lemma submodel_cut_unbounded:
  assumes "\<gamma> \<in> Field W"
  obtains \<delta> where "submodel_cut \<delta>" "\<gamma> \<in> underS \<delta>"
proof -
  obtain Sf nx where step: "\<And>y. y \<in> Field W \<Longrightarrow> submodel (Sf y) \<and> g ` underS y \<subseteq> Sf y \<and>
      nx y \<in> Field W \<and> y \<in> underS (nx y) \<and> Field W \<inter> g -` Sf y \<subseteq> underS (nx y)"
    using submodel_step_above by metis
  define ys where "ys n = (nx ^^ n) \<gamma>" for n
  have ys: "ys n \<in> Field W" for n
    by (induction n) (simp_all add: ys_def assms step)
  have ys_Suc: "ys (Suc n) = nx (ys n)" for n
    by (simp add: ys_def)
  define B where "B = {\<beta>\<in>Field W. range ys \<subseteq> underS \<beta>}"
  have "|range ys| \<le>o |UNIV :: nat set|"
    by (rule card_of_image)
  also have "|UNIV :: nat set| \<le>o k"
    by (rule card_of_nat_ordLeq_infinite[OF card_order_k infinite_k])
  finally have "|range ys| \<le>o k" .
  then have B: "B \<subseteq> Field W" "B \<noteq> {}"
    using bounded[of "range ys"] ys unfolding B_def by blast+
  define \<delta> where "\<delta> = minim B"
  have \<delta>: "\<delta> \<in> B"
    unfolding \<delta>_def by (rule minim_in[OF B])
  have "Field W \<inter> g -` (\<Union>n. Sf (ys n)) = underS \<delta>"
  proof (rule trace_UN_eq_underS_sup)
    show "g ` underS (ys n) \<subseteq> Sf (ys n)" "ys n \<in> Field W" for n
      using step[OF ys[of n]] ys[of n] by blast+
    show "Field W \<inter> g -` Sf (ys n) \<subseteq> underS (ys (Suc n))" "ys n \<in> underS (ys (Suc n))" for n
      using step[OF ys[of n]] by (simp_all add: ys_Suc)
    show "range ys \<subseteq> underS \<delta>"
      using \<delta> unfolding B_def by blast
    show "(\<delta>, \<beta>) \<in> W" if "\<beta> \<in> Field W" "range ys \<subseteq> underS \<beta>" for \<beta>
      using minim_least[OF B(1)] that unfolding \<delta>_def B_def by blast
  qed
  moreover have "submodel (\<Union>n. Sf (ys n))"
    by (rule submodel_UN) (use step ys in blast)
  ultimately have "submodel_cut \<delta>"
    unfolding submodel_cut_def using \<delta> B(1) by blast
  moreover have "ys 0 \<in> underS \<delta>"
    using \<delta> unfolding B_def by blast
  then have "\<gamma> \<in> underS \<delta>"
    by (simp add: ys_def)
  ultimately show thesis
    by (rule that)
qed

lemma submodel_cut_limit:
  assumes "\<delta> \<in> Field W"
    and cofinal: "\<And>\<alpha>. \<alpha> \<in> underS \<delta> \<Longrightarrow> \<exists>e. submodel_cut e \<and> \<alpha> \<in> underS e \<and> e \<in> underS \<delta>"
  shows "submodel_cut \<delta>"
proof -
  define C where "C = {e. submodel_cut e \<and> e \<in> underS \<delta>}"
  have "\<forall>e\<in>C. \<exists>S. submodel S \<and> Field W \<inter> g -` S = underS e"
    unfolding C_def submodel_cut_def by blast
  then obtain Sf where Sf: "\<And>e. e \<in> C \<Longrightarrow> submodel (Sf e) \<and> Field W \<inter> g -` Sf e = underS e"
    by metis
  have "Field W \<inter> g -` (\<Union>e\<in>C. Sf e) = (\<Union>e\<in>C. Field W \<inter> g -` Sf e)"
    by blast
  also have "\<dots> = (\<Union>e\<in>C. underS e)"
    using Sf by simp
  also have "\<dots> = underS \<delta>"
  proof
    show "(\<Union>e\<in>C. underS e) \<subseteq> underS \<delta>"
      using underS_trans unfolding C_def by blast
    show "underS \<delta> \<subseteq> (\<Union>e\<in>C. underS e)"
      using cofinal unfolding C_def by blast
  qed
  finally have "Field W \<inter> g -` (\<Union>e\<in>C. Sf e) = underS \<delta>" .
  moreover have "submodel (\<Union>e\<in>C. Sf e)"
    by (rule submodel_UN) (use Sf in blast)
  ultimately show ?thesis
    unfolding submodel_cut_def using assms(1) by blast
qed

-----

▶ _Your instructions_: Output each line exactly, from the first line of the data down to the line that contains "obtain Sf nx", both included.

▶ _Result of this exercise_:
lemma submodel_cut_unbounded:
  assumes "\<gamma> \<in> Field W"
  obtains \<delta> where "submodel_cut \<delta>" "\<gamma> \<in> underS \<delta>"
proof -
  obtain Sf nx where step: "\<And>y. y \<in> Field W \<Longrightarrow> submodel (Sf y) \<and> g ` underS y \<subseteq> Sf y \<and>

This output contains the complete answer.